• _TASK DESCRIPTION_
When you respond, write out each entry exactly as it stands.

::::

(* Let $N_T\geq 1$ be an integer, let $m=2(N_T+2)$ and $n=N_T+2+m$. Let $\tilde A_0,\tilde A_1,\dots,\tilde A_{N_T},\tilde\gamma_0,\tilde\gamma_1,\dots,\tilde\gamma_{N_T+1}$ be arbitrary real numbers and let $r\in\mathbb{R}$, $r\neq 0$. Then there exist $\gamma>0$ and a unitary $n\times n$ complex matrix $M=(M_{i,j})_{i,j=0}^{n-1}$ of the following form: with $A_j:=\gamma\tilde A_j$ ($0\le j\le N_T$) and $\gamma_i:=\gamma\tilde\gamma_i$ ($0\le i\le N_T+1$), - $M_{0,j}=A_j$ for $0\le j\le N_T$; - for $0\le k\le N_T$ and $0\le j\le N_T$: $M_{k+1,j}=0$ if $j=k$, and $M_{k+1,j}=-r\,A_j$ if $j\neq k$; - $M_{i,N_T+1}=\gamma_i$ for $0\le i\le N_T+1$; - all remaining entries (those with $i\geq N_T+2$ or $j\geq N_T+2$) are unconstrained complex numbers.
   Context: Interpretation: rows/columns $0,1,\dots,N_T+1$ correspond to the basis states $|E\rangle,|\tau_0\rangle,\dots,|\tau_{N_T}\rangle$ of a clock and the last $m$ indices to stationary ancilla states $|A_1\rangle,\dots,|A_m\rangle$; the prescribed entries encode the conditions that the outcomes corresponding to $A_0,\dots,A_{N_T}$ are counterfactual outcomes, with $r=\cos\theta/\sin\theta$ and probabilities $|\cos\theta\, A_l|^2$. The proposition asserts existence of such a counterfactual clock with $m=2(N_T+2)$ ancillas for arbitrarily many distinguishable times. *)

theory Defs
  imports "HOL-Analysis.Analysis"
begin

::::

• _COMPLETED TASK_
(* Let $N_T\geq 1$ be an integer, let $m=2(N_T+2)$ and $n=N_T+2+m$. Let $\tilde A_0,\tilde A_1,\dots,\tilde A_{N_T},\tilde\gamma_0,\tilde\gamma_1,\dots,\tilde\gamma_{N_T+1}$ be arbitrary real numbers and let $r\in\mathbb{R}$, $r\neq 0$. Then there exist $\gamma>0$ and a unitary $n\times n$ complex matrix $M=(M_{i,j})_{i,j=0}^{n-1}$ of the following form: with $A_j:=\gamma\tilde A_j$ ($0\le j\le N_T$) and $\gamma_i:=\gamma\tilde\gamma_i$ ($0\le i\le N_T+1$), - $M_{0,j}=A_j$ for $0\le j\le N_T$; - for $0\le k\le N_T$ and $0\le j\le N_T$: $M_{k+1,j}=0$ if $j=k$, and $M_{k+1,j}=-r\,A_j$ if $j\neq k$; - $M_{i,N_T+1}=\gamma_i$ for $0\le i\le N_T+1$; - all remaining entries (those with $i\geq N_T+2$ or $j\geq N_T+2$) are unconstrained complex numbers.
   Context: Interpretation: rows/columns $0,1,\dots,N_T+1$ correspond to the basis states $|E\rangle,|\tau_0\rangle,\dots,|\tau_{N_T}\rangle$ of a clock and the last $m$ indices to stationary ancilla states $|A_1\rangle,\dots,|A_m\rangle$; the prescribed entries encode the conditions that the outcomes corresponding to $A_0,\dots,A_{N_T}$ are counterfactual outcomes, with $r=\cos\theta/\sin\theta$ and probabilities $|\cos\theta\, A_l|^2$. The proposition asserts existence of such a counterfactual clock with $m=2(N_T+2)$ ancillas for arbitrarily many distinguishable times. *)

theory Defs
  imports "HOL-Analysis.Analysis"
begin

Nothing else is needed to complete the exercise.